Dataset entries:
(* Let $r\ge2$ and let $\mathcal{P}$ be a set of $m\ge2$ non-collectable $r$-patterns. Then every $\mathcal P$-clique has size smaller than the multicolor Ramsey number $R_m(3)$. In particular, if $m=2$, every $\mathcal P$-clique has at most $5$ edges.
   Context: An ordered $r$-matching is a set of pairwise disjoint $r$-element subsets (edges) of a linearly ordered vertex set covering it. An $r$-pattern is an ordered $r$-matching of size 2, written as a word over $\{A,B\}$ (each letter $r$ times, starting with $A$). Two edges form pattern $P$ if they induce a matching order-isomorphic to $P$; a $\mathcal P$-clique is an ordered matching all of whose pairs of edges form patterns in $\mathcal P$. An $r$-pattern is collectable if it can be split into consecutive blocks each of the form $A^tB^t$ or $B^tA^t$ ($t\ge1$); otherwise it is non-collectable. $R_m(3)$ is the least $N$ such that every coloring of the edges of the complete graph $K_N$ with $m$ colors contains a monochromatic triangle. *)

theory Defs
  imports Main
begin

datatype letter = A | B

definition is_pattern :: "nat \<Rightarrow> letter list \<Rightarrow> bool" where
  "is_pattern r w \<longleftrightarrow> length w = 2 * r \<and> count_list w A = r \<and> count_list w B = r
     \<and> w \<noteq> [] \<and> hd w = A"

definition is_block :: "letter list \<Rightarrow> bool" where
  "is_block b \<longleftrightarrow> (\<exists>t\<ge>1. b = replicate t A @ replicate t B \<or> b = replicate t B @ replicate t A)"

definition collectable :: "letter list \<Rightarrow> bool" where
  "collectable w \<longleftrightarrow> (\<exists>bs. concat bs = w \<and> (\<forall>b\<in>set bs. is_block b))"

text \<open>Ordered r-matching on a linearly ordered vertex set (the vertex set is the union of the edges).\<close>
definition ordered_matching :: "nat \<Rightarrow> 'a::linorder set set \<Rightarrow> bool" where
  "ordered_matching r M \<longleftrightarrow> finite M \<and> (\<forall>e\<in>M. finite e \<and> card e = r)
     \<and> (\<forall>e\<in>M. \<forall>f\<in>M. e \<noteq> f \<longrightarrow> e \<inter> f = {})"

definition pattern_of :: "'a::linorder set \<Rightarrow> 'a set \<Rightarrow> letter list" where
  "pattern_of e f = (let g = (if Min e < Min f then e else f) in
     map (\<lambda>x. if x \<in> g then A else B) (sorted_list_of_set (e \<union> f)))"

» Work request:
When you reach the end of the data, write every line out again verbatim.

» Solution below:
(* Let $r\ge2$ and let $\mathcal{P}$ be a set of $m\ge2$ non-collectable $r$-patterns. Then every $\mathcal P$-clique has size smaller than the multicolor Ramsey number $R_m(3)$. In particular, if $m=2$, every $\mathcal P$-clique has at most $5$ edges.
   Context: An ordered $r$-matching is a set of pairwise disjoint $r$-element subsets (edges) of a linearly ordered vertex set covering it. An $r$-pattern is an ordered $r$-matching of size 2, written as a word over $\{A,B\}$ (each letter $r$ times, starting with $A$). Two edges form pattern $P$ if they induce a matching order-isomorphic to $P$; a $\mathcal P$-clique is an ordered matching all of whose pairs of edges form patterns in $\mathcal P$. An $r$-pattern is collectable if it can be split into consecutive blocks each of the form $A^tB^t$ or $B^tA^t$ ($t\ge1$); otherwise it is non-collectable. $R_m(3)$ is the least $N$ such that every coloring of the edges of the complete graph $K_N$ with $m$ colors contains a monochromatic triangle. *)

theory Defs
  imports Main
begin

datatype letter = A | B

definition is_pattern :: "nat \<Rightarrow> letter list \<Rightarrow> bool" where
  "is_pattern r w \<longleftrightarrow> length w = 2 * r \<and> count_list w A = r \<and> count_list w B = r
     \<and> w \<noteq> [] \<and> hd w = A"

definition is_block :: "letter list \<Rightarrow> bool" where
  "is_block b \<longleftrightarrow> (\<exists>t\<ge>1. b = replicate t A @ replicate t B \<or> b = replicate t B @ replicate t A)"

definition collectable :: "letter list \<Rightarrow> bool" where
  "collectable w \<longleftrightarrow> (\<exists>bs. concat bs = w \<and> (\<forall>b\<in>set bs. is_block b))"

text \<open>Ordered r-matching on a linearly ordered vertex set (the vertex set is the union of the edges).\<close>
definition ordered_matching :: "nat \<Rightarrow> 'a::linorder set set \<Rightarrow> bool" where
  "ordered_matching r M \<longleftrightarrow> finite M \<and> (\<forall>e\<in>M. finite e \<and> card e = r)
     \<and> (\<forall>e\<in>M. \<forall>f\<in>M. e \<noteq> f \<longrightarrow> e \<inter> f = {})"

definition pattern_of :: "'a::linorder set \<Rightarrow> 'a set \<Rightarrow> letter list" where
  "pattern_of e f = (let g = (if Min e < Min f then e else f) in
     map (\<lambda>x. if x \<in> g then A else B) (sorted_list_of_set (e \<union> f)))"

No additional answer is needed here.